▶ [Your instructions]:
Beneath this instruction is a listing; print exactly the lines in it starting at the line that contains "vs) (axis_cov e))" and going through the line that contains "by (simp add: min_L_axis_cov_ge_iff u_sq)".
━━━ Records for the task ━━━
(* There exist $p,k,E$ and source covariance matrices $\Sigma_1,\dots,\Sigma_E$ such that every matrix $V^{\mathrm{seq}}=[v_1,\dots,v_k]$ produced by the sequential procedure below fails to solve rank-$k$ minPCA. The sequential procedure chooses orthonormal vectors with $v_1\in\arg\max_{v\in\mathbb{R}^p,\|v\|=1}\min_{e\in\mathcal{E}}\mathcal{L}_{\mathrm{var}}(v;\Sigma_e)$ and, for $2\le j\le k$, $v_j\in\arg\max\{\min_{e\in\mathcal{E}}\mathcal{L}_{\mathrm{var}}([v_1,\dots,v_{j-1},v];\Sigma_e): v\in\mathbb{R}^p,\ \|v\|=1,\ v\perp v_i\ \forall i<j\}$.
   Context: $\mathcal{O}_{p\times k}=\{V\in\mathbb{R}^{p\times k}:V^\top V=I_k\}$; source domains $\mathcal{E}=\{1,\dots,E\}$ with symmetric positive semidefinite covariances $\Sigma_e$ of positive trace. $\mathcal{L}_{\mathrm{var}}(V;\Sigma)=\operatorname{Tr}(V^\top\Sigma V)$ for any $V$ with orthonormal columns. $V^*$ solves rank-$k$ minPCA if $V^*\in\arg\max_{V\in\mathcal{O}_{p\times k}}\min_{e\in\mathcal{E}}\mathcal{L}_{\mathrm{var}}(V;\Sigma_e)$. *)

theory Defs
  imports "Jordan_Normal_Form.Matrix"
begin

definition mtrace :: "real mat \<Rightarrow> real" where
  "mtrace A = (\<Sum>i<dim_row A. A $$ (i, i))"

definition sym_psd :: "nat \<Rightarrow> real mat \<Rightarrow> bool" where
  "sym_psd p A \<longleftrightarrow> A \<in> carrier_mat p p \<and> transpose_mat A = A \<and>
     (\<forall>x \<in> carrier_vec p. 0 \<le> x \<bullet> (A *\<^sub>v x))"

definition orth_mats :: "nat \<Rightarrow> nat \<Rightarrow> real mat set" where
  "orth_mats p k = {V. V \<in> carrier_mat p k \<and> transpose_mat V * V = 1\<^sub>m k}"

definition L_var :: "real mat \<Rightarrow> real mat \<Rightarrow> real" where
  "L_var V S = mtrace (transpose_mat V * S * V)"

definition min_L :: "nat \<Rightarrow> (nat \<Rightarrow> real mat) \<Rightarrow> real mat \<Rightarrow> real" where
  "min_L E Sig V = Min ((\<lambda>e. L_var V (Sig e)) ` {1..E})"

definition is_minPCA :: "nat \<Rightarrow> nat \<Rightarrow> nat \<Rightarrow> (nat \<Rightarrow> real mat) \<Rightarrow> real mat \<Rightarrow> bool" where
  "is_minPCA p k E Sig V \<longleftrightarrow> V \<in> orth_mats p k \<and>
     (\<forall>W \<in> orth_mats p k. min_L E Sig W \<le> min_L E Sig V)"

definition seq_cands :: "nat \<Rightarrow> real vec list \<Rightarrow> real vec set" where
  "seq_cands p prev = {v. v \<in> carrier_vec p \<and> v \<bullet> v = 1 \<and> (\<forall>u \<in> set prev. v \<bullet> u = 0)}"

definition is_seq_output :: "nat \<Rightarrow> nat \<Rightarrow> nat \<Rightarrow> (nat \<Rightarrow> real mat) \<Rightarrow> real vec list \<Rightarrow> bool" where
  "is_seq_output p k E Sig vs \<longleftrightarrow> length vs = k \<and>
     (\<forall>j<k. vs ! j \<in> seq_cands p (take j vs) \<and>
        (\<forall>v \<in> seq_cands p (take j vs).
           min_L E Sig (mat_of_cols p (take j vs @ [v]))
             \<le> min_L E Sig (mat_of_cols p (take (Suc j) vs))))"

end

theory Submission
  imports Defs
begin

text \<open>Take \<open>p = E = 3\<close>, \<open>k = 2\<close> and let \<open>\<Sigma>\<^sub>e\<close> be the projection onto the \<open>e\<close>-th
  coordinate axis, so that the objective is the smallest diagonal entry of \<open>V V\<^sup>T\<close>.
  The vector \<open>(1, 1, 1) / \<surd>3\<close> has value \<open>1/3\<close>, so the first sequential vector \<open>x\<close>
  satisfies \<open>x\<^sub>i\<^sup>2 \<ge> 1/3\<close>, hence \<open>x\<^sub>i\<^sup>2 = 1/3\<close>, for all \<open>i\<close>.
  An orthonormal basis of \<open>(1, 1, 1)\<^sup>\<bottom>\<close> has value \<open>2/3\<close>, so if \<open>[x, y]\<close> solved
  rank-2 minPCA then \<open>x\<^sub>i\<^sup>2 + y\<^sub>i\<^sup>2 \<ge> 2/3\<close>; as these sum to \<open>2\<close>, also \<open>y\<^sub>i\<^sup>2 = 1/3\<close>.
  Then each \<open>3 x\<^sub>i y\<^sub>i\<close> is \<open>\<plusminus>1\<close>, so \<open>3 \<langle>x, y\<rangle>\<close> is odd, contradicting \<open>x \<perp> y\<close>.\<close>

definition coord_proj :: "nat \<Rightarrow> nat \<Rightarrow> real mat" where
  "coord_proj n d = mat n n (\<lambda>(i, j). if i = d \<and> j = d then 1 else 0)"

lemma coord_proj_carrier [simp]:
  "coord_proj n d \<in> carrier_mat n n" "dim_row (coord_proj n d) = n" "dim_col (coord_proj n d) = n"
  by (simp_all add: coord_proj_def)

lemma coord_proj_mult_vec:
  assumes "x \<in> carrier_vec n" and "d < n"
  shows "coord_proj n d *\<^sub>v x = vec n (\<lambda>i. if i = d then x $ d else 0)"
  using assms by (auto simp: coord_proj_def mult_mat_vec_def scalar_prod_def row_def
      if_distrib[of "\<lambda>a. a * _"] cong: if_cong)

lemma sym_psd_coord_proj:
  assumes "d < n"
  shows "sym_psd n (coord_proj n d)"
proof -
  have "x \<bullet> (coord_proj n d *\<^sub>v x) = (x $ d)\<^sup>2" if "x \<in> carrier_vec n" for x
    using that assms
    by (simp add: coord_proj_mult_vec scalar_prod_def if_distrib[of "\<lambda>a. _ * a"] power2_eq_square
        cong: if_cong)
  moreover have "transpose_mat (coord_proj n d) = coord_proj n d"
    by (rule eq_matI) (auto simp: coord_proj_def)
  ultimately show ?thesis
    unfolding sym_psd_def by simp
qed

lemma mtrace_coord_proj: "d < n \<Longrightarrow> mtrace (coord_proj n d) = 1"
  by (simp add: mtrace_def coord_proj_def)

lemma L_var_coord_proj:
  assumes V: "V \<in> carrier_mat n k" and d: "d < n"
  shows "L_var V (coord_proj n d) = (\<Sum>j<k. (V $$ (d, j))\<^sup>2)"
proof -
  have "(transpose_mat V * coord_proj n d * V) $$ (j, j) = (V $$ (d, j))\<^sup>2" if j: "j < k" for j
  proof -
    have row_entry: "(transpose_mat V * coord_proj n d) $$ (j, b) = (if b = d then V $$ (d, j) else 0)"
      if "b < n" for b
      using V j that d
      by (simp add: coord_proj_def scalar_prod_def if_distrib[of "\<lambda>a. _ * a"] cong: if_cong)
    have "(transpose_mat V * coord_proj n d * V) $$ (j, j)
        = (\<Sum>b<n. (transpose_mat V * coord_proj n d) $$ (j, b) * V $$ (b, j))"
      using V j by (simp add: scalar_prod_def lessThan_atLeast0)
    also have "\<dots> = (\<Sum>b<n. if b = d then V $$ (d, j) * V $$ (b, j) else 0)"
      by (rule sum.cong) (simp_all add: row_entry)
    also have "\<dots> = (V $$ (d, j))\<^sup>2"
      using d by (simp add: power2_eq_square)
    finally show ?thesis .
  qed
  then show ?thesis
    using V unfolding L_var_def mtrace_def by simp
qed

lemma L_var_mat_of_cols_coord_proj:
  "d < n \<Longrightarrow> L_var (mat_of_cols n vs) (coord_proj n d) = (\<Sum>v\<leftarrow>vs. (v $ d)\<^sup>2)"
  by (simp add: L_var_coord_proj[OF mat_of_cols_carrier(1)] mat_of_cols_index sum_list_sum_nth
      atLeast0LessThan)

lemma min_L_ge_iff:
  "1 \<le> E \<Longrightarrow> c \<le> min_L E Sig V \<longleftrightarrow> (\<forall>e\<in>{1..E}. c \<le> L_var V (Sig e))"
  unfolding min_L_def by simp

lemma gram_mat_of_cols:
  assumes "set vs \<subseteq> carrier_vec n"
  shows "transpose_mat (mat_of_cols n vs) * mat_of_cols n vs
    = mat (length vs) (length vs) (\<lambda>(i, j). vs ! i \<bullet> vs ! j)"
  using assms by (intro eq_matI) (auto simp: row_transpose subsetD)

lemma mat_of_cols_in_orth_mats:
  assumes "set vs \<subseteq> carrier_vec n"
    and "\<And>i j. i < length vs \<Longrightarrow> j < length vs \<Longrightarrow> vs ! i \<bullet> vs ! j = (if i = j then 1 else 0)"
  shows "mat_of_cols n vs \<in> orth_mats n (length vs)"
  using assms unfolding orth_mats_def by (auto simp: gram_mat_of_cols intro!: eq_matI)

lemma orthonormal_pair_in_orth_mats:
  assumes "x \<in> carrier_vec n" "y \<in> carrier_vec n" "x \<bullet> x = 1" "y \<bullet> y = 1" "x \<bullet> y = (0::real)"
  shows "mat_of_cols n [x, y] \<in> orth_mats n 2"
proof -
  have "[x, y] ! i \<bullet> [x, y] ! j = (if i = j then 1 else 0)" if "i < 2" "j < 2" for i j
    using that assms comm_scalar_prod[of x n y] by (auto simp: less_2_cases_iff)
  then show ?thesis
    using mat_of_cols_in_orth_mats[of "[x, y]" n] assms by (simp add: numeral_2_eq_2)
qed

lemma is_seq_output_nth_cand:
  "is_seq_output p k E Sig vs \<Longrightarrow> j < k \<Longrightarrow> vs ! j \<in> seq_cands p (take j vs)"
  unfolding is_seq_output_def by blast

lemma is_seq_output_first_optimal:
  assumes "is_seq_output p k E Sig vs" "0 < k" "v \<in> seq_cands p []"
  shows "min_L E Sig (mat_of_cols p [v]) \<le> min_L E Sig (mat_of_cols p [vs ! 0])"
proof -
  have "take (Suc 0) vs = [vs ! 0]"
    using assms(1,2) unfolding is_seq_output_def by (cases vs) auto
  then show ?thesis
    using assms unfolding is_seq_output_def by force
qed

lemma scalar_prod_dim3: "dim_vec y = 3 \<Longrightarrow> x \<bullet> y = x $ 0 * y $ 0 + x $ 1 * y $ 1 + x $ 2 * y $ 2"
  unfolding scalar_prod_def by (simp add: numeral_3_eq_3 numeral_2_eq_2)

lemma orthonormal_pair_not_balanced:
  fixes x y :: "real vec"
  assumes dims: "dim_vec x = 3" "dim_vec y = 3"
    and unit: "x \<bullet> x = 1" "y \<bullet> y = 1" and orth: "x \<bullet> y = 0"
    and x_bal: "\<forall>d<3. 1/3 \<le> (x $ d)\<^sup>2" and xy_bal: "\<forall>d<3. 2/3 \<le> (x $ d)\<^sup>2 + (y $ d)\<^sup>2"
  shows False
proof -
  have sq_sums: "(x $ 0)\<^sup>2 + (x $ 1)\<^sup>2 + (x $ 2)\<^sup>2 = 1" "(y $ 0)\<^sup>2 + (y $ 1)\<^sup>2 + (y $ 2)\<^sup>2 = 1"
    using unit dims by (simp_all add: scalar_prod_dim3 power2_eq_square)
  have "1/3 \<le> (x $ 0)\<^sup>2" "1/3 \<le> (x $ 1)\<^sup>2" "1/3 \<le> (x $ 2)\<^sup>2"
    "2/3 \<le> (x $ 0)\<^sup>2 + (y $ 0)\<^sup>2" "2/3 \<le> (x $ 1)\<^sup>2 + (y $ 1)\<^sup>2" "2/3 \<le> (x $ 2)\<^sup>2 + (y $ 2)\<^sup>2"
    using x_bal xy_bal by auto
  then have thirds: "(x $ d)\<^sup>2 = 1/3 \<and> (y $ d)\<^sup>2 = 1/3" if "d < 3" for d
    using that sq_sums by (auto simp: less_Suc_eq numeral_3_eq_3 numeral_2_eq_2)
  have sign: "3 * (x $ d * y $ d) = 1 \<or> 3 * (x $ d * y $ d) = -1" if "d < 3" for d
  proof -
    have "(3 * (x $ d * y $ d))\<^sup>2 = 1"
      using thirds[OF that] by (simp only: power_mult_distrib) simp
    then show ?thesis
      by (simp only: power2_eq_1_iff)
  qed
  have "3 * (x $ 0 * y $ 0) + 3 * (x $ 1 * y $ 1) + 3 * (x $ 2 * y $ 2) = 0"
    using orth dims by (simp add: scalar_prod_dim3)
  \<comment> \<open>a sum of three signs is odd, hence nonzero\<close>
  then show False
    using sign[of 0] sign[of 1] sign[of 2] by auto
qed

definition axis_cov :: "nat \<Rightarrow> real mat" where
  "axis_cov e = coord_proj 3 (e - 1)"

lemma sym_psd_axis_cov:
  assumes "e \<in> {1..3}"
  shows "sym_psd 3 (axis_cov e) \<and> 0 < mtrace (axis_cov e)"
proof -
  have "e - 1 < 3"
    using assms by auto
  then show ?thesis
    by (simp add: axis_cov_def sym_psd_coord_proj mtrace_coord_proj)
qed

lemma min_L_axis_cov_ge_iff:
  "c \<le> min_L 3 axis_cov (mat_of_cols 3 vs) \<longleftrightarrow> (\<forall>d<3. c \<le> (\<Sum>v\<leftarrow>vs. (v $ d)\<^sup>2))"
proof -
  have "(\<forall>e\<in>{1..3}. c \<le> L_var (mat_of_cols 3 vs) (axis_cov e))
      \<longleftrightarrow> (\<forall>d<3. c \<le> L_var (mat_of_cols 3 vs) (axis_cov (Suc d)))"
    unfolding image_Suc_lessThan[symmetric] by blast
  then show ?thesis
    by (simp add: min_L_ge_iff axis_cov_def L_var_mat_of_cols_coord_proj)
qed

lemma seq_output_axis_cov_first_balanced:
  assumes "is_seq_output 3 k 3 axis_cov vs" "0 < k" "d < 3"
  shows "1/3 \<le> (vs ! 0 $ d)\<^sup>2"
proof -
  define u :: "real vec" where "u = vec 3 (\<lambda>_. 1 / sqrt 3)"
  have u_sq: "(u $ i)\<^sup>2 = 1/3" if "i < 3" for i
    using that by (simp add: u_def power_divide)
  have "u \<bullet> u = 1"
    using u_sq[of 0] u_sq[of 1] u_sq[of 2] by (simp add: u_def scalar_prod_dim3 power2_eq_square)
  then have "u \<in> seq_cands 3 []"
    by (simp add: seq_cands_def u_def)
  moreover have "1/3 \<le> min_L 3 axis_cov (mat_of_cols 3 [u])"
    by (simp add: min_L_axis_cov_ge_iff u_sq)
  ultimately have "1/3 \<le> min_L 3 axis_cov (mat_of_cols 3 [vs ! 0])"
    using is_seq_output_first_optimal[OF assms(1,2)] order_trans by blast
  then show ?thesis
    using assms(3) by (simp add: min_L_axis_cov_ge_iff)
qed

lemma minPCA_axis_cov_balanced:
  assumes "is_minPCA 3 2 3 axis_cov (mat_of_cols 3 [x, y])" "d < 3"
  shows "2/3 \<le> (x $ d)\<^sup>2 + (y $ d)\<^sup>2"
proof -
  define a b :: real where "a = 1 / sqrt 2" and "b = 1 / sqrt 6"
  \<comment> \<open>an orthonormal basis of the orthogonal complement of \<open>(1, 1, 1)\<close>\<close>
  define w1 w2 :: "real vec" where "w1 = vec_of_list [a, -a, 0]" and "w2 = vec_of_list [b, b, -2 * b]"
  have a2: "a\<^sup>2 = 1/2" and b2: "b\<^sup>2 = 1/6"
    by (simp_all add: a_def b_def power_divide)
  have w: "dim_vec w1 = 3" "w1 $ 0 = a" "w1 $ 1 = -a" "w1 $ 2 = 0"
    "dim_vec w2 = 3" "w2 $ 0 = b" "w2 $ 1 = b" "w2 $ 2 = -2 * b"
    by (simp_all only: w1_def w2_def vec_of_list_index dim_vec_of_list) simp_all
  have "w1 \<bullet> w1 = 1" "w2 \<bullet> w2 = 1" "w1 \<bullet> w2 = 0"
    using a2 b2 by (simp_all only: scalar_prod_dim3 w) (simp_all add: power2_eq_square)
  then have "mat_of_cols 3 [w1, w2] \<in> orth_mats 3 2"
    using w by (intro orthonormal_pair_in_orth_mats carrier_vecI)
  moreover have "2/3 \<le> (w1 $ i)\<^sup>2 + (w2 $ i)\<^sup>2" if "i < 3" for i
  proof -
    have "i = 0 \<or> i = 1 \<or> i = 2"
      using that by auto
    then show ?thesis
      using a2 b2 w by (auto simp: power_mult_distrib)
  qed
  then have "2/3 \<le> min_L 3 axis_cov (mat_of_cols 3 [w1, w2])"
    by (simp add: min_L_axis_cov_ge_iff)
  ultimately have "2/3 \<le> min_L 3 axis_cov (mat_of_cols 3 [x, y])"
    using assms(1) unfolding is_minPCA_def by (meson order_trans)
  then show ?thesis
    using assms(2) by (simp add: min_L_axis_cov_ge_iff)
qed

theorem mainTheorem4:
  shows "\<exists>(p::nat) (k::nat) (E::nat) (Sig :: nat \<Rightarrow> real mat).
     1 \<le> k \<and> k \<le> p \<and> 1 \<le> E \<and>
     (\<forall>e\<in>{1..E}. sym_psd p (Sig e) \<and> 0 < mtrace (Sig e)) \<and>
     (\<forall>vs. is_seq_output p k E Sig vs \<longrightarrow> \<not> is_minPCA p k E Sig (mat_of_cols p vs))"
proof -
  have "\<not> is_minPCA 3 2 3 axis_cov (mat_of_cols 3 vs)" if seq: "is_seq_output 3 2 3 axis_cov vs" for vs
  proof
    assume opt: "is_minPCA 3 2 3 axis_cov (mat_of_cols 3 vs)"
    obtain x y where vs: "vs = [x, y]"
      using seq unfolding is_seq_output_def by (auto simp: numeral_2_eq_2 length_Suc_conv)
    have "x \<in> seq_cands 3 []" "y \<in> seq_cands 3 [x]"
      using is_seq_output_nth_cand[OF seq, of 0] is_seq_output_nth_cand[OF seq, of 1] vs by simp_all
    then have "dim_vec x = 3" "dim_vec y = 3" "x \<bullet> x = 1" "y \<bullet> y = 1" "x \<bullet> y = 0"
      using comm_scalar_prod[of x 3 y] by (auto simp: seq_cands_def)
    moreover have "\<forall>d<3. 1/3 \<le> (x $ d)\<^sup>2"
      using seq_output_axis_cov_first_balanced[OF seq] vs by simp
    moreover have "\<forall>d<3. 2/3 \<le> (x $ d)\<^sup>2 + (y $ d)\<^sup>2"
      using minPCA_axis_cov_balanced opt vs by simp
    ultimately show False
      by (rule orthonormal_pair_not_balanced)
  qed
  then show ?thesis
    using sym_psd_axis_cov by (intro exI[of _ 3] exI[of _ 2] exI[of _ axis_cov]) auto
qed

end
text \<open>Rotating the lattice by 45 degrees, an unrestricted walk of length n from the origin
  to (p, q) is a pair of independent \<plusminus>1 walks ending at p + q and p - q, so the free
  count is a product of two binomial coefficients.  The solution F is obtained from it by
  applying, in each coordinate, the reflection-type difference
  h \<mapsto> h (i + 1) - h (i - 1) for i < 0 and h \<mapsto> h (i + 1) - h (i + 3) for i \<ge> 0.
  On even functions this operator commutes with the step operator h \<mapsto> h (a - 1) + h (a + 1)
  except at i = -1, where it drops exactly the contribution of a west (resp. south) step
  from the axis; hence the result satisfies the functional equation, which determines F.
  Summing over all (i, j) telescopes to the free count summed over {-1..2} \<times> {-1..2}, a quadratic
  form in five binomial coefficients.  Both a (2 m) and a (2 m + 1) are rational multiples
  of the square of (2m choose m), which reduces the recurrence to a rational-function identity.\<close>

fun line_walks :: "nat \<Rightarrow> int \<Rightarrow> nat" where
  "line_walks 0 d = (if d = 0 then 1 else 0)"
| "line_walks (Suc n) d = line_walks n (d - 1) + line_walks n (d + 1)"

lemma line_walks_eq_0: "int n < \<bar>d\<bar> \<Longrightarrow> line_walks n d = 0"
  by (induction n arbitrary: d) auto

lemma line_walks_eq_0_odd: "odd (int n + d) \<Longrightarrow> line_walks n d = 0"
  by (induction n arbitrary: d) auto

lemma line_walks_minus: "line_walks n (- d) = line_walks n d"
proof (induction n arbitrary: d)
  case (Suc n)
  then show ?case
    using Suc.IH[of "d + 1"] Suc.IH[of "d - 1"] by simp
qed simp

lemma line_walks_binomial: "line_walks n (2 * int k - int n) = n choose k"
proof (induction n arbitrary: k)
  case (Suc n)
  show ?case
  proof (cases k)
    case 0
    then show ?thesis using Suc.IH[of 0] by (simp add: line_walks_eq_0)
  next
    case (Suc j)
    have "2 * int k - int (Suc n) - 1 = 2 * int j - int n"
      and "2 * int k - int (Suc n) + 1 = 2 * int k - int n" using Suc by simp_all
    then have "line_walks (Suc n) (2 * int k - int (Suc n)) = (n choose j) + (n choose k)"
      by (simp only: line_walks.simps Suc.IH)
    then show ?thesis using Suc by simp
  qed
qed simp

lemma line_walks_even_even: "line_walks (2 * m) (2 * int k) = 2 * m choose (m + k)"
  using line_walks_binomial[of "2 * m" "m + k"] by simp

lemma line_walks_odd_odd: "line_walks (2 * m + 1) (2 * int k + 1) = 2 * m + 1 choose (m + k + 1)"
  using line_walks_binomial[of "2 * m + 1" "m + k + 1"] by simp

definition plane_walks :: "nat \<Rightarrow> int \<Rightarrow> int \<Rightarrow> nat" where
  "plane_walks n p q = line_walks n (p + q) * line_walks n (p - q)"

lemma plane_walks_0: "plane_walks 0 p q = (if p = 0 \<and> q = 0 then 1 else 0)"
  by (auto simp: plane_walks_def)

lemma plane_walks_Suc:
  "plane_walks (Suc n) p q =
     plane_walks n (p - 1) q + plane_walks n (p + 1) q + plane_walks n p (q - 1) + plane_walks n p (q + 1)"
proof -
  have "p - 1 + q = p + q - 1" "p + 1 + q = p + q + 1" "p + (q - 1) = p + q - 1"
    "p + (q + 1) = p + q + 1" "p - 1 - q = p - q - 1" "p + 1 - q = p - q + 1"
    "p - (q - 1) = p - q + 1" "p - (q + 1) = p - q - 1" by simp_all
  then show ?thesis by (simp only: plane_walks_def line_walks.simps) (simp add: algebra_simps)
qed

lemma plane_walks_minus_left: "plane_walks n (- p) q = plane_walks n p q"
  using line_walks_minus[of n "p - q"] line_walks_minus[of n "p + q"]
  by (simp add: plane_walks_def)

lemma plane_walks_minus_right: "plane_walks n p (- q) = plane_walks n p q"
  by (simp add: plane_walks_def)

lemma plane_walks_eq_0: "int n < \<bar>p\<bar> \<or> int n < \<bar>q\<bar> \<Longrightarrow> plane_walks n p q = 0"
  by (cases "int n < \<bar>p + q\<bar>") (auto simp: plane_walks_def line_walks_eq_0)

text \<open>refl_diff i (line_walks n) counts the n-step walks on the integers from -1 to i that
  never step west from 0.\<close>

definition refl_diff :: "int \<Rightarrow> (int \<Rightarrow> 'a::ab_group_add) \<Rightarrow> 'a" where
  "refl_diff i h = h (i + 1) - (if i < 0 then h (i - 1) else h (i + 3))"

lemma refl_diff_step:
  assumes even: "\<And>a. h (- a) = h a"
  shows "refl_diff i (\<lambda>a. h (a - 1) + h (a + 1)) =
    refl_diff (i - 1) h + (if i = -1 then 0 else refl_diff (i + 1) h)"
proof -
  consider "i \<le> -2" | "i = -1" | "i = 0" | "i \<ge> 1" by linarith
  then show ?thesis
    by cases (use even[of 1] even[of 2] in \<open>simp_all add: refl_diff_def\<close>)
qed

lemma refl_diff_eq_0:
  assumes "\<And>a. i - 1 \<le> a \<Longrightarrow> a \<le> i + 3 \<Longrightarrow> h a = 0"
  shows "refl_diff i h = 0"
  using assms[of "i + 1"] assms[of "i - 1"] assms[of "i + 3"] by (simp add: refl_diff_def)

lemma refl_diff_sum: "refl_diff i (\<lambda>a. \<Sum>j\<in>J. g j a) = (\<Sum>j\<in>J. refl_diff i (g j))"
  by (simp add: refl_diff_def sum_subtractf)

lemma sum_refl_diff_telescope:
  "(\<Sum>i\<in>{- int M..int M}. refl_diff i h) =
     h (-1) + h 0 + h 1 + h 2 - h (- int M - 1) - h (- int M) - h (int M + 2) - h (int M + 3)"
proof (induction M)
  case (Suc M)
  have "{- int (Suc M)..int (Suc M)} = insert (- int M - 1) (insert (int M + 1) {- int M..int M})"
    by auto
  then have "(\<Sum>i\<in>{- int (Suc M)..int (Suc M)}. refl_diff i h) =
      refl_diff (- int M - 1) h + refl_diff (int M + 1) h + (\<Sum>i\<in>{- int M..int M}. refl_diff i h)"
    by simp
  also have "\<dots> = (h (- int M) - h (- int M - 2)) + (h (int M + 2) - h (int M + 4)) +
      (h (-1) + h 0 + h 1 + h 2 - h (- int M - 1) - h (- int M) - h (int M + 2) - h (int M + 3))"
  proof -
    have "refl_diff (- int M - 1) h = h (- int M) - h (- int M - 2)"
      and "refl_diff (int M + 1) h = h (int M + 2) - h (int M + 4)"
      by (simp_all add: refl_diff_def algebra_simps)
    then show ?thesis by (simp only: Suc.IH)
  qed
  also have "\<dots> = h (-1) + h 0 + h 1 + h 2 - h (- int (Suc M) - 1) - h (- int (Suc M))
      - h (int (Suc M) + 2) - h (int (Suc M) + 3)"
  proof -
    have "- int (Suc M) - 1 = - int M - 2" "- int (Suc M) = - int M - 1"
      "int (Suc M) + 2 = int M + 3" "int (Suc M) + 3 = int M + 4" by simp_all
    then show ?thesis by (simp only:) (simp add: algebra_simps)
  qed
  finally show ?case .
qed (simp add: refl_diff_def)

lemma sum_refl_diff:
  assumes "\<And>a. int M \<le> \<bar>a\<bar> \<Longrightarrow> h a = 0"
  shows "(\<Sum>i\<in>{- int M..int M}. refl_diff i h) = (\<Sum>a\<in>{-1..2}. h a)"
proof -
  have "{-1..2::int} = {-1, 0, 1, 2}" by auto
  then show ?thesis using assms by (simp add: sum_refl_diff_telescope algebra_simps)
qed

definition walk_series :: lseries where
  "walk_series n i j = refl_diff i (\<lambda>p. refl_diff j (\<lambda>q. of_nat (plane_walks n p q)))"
━━━
▶ [Answer space]:
  have "(\<forall>e\<in>{1..3}. c \<le> L_var (mat_of_cols 3 vs) (axis_cov e))
      \<longleftrightarrow> (\<forall>d<3. c \<le> L_var (mat_of_cols 3 vs) (axis_cov (Suc d)))"
    unfolding image_Suc_lessThan[symmetric] by blast
  then show ?thesis
    by (simp add: min_L_ge_iff axis_cov_def L_var_mat_of_cols_coord_proj)
qed

lemma seq_output_axis_cov_first_balanced:
  assumes "is_seq_output 3 k 3 axis_cov vs" "0 < k" "d < 3"
  shows "1/3 \<le> (vs ! 0 $ d)\<^sup>2"
proof -
  define u :: "real vec" where "u = vec 3 (\<lambda>_. 1 / sqrt 3)"
  have u_sq: "(u $ i)\<^sup>2 = 1/3" if "i < 3" for i
    using that by (simp add: u_def power_divide)
  have "u \<bullet> u = 1"
    using u_sq[of 0] u_sq[of 1] u_sq[of 2] by (simp add: u_def scalar_prod_dim3 power2_eq_square)
  then have "u \<in> seq_cands 3 []"
    by (simp add: seq_cands_def u_def)
  moreover have "1/3 \<le> min_L 3 axis_cov (mat_of_cols 3 [u])"
    by (simp add: min_L_axis_cov_ge_iff u_sq)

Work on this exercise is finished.